Collected data
+++++
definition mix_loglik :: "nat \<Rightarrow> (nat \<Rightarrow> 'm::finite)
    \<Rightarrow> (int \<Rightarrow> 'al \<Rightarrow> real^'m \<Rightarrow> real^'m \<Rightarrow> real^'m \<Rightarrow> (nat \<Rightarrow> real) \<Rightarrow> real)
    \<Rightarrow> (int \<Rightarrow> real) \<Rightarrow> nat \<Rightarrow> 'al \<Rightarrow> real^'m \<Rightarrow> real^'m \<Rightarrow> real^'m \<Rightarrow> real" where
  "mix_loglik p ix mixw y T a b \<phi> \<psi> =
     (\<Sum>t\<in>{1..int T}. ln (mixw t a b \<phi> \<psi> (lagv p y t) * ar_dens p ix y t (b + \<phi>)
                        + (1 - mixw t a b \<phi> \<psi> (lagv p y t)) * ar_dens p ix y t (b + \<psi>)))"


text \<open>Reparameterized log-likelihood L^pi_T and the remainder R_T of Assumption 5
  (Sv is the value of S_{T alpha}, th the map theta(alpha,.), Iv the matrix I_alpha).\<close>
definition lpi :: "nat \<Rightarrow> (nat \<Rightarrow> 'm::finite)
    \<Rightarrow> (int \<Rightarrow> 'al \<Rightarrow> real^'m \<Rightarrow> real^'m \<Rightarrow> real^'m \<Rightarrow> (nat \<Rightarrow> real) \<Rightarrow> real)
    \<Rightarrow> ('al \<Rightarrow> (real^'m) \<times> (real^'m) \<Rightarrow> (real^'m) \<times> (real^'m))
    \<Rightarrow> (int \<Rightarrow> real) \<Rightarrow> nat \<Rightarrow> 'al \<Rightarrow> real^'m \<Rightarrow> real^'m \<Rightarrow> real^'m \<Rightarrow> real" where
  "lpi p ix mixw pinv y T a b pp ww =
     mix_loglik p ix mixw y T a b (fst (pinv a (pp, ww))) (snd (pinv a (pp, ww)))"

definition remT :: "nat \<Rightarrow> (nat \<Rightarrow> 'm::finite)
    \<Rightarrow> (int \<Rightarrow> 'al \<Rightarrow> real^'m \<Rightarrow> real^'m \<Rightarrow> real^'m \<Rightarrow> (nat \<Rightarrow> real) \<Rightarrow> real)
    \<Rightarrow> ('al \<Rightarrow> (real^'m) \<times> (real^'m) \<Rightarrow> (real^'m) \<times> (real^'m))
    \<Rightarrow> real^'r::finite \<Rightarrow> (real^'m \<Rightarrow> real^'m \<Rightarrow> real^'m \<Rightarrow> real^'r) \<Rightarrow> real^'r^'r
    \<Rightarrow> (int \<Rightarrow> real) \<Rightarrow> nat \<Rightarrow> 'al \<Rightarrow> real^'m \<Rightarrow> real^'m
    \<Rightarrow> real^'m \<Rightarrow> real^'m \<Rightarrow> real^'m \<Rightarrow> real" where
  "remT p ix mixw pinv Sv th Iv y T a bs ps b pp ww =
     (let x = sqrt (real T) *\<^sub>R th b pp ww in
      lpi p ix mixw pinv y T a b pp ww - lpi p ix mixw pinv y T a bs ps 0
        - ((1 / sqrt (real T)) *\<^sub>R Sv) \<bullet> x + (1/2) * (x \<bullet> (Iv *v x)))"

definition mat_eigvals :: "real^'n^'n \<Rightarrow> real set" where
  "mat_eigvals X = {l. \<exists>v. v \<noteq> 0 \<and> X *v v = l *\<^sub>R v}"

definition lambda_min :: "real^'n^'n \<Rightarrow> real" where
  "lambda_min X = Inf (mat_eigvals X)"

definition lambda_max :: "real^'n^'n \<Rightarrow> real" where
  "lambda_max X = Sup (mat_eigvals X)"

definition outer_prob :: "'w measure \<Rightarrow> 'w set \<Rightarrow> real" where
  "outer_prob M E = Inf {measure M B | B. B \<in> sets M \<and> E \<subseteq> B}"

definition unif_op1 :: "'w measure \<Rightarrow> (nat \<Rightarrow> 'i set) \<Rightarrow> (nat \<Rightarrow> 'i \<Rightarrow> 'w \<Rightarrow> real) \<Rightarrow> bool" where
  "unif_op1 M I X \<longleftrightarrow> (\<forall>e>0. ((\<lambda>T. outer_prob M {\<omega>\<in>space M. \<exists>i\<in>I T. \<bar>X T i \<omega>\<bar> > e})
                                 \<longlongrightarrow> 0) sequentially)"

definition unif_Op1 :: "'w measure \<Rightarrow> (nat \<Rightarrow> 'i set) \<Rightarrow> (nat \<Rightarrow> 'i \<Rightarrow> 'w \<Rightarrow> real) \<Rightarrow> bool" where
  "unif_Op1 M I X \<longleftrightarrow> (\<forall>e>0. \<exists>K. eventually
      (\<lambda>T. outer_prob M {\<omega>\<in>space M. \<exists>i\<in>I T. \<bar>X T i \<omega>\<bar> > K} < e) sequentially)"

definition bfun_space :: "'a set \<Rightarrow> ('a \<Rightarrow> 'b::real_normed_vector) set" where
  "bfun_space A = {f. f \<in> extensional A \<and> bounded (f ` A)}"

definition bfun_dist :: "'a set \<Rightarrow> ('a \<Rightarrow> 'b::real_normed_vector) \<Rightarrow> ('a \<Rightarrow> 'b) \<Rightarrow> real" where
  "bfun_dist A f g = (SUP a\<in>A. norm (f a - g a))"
+++++
_Exercise details_. Lines before the one containing "B \<in> sets" are left out. Repeat that line and all lines after it in the records above exactly.

_Response below_.
  "outer_prob M E = Inf {measure M B | B. B \<in> sets M \<and> E \<subseteq> B}"

definition unif_op1 :: "'w measure \<Rightarrow> (nat \<Rightarrow> 'i set) \<Rightarrow> (nat \<Rightarrow> 'i \<Rightarrow> 'w \<Rightarrow> real) \<Rightarrow> bool" where
  "unif_op1 M I X \<longleftrightarrow> (\<forall>e>0. ((\<lambda>T. outer_prob M {\<omega>\<in>space M. \<exists>i\<in>I T. \<bar>X T i \<omega>\<bar> > e})
                                 \<longlongrightarrow> 0) sequentially)"

definition unif_Op1 :: "'w measure \<Rightarrow> (nat \<Rightarrow> 'i set) \<Rightarrow> (nat \<Rightarrow> 'i \<Rightarrow> 'w \<Rightarrow> real) \<Rightarrow> bool" where
  "unif_Op1 M I X \<longleftrightarrow> (\<forall>e>0. \<exists>K. eventually
      (\<lambda>T. outer_prob M {\<omega>\<in>space M. \<exists>i\<in>I T. \<bar>X T i \<omega>\<bar> > K} < e) sequentially)"

definition bfun_space :: "'a set \<Rightarrow> ('a \<Rightarrow> 'b::real_normed_vector) set" where
  "bfun_space A = {f. f \<in> extensional A \<and> bounded (f ` A)}"

definition bfun_dist :: "'a set \<Rightarrow> ('a \<Rightarrow> 'b::real_normed_vector) \<Rightarrow> ('a \<Rightarrow> 'b) \<Rightarrow> real" where
  "bfun_dist A f g = (SUP a\<in>A. norm (f a - g a))"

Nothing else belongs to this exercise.